Preprocessing Bioassay Descriptions (optional)
Bioassays descriptions and summaries are downloaded from PuChem as text files for 9 different sources. The scripts follow this order:
1- Preprocessing.py: Cleans the descriptions and extracts useful information from them using pre-defined rules.
2- Clustering.py: Used BioBERT to extract features from the cleaned descriptions and titles, then used KMeans to cluster them. The cluster number are only used as recommendation during taggign each bioassay.
3- Ner.py: Uses a model trained for disease entity recognition to find all disease related words within the description. These words do not have an effect on the tagging, since the detected words were too broad.
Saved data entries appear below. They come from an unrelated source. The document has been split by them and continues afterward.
lemma qfi_prod_state_uniform: "qfi (\<lambda>t. prod_state N (\<lambda>_. t)) {xs. length xs = N} \<theta> = real N"
proof -
  let ?\<rho> = "\<lambda>xs. real N / 2 + (- 1 / 2) * spin xs"
  have "qfi (\<lambda>t. prod_state N (\<lambda>_. t)) {xs. length xs = N} \<theta>
      = 4 * ((\<Sum>xs | length xs = N. (?\<rho> xs)\<^sup>2) / (sqrt 2 ^ N)\<^sup>2
          - ((\<Sum>xs | length xs = N. ?\<rho> xs) / (sqrt 2 ^ N)\<^sup>2)\<^sup>2)"
    by (rule qfi_phase_family) (auto simp: finite_lists_length prod_state_uniform field_simps)
  also have "\<dots> = real N"
    unfolding sum_affine_spin sum_affine_spin_square
    by (simp add: power2_eq_square field_simps flip: power_mult_distrib)
  finally show ?thesis .
qed

theorem mainTheorem2:
  fixes N :: nat and th :: "nat \<Rightarrow> real" and \<theta> :: real
  assumes "N \<ge> 2"
  shows
    "(\<forall>m. length m = N - 1 \<longrightarrow>
        outcome_prob (cnot_cascade N (prod_state N th)) m = 1 / 2 ^ (N - 1) \<and>
        (\<exists>c. cmod c = 1 \<and>
           post_state (cnot_cascade N (prod_state N th)) m = (\<lambda>a. c * ket_e (theta_tot N th m) a)))
   \<and> (\<forall>k\<le>N - 1.
        (\<Sum>m\<in>{m. length m = N - 1 \<and> num_zeros m = k}.
            outcome_prob (cnot_cascade N (prod_state N (\<lambda>_. \<theta>))) m)
          = real (N - 1 choose k) / 2 ^ (N - 1)
        \<and> (\<forall>m. length m = N - 1 \<and> num_zeros m = k \<longrightarrow>
             (\<exists>c. cmod c = 1 \<and>
                post_state (cnot_cascade N (prod_state N (\<lambda>_. \<theta>))) m
                  = (\<lambda>a. c * ket_e ((real (2 * k + 2) - real N) * \<theta>) a))))
   \<and> (\<Sum>k\<le>N - 1. real (N - 1 choose k) / 2 ^ (N - 1) * (real (2 * k + 2) - real N)\<^sup>2) = real N
   \<and> (\<Sum>k\<le>N - 1. real (N - 1 choose k) / 2 ^ (N - 1)
          * qfi (\<lambda>t. ket_e ((real (2 * k + 2) - real N) * t)) UNIV \<theta>) = real N
   \<and> qfi (\<lambda>t. prod_state N (\<lambda>_. t)) {xs. length xs = N} \<theta> = real N"
proof -
  obtain n where N: "N = Suc n"
    using assms by (cases N) auto
  have collapse: "\<exists>c. cmod c = 1 \<and> post_state (cnot_cascade (Suc n) (prod_state (Suc n) th')) m
      = (\<lambda>a. c * ket_e (theta_tot (Suc n) th' m) a)" if "length m = n" for th' m
    using post_state_cascade_product[OF that] by (intro exI[of _ "cis (global_phase th' m)"]) simp
  have uniform_collapse: "\<exists>c. cmod c = 1 \<and> post_state (cnot_cascade (Suc n) (prod_state (Suc n) (\<lambda>_. \<theta>))) m
      = (\<lambda>a. c * ket_e ((real (2 * k + 2) - real (Suc n)) * \<theta>) a)"
    if "length m = n" "num_zeros m = k" for m k
    using collapse[OF that(1), of "\<lambda>_. \<theta>"] by (simp add: theta_tot_uniform[OF that(1)] that(2))
  show ?thesis
    unfolding N using outcome_prob_cascade_product collapse sum_outcome_prob_num_zeros uniform_collapse
      binomial_spin_second_moment qfi_ket_e_linear qfi_prod_state_uniform
    by simp
qed

end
4- Manual_tag.py: After a human expert highlights the disease and target related words in all descriptions in a word files, these highlighted words are read and used for finding disease and target tags for each bioassay.
Preprocessing Molecular Data (optional)
After the assays are found and tagged, the molecular data for each assay is downloaded from PubChem using PubChem's bulk download interface. The scripts regarding this section follow this order:
1- Molecular_data_cleaning.py: Makes SMILES canon, cleans duplicate SMILES, adds binary labels to SMILES.
2- Fingerprint_extraction.py: Extracts ECFP4 fingerprints from the data, then used Tanimoto Coefficient to calculate the diversity within the dataset.
3- Correlation.py: Find linear correlation between the labels of all datasets (bioassays), this can be a starting step for drug repurposing.
4- Splitting.py: Splits the molecular data to train, validation, and test splits using the molecular scaffolds.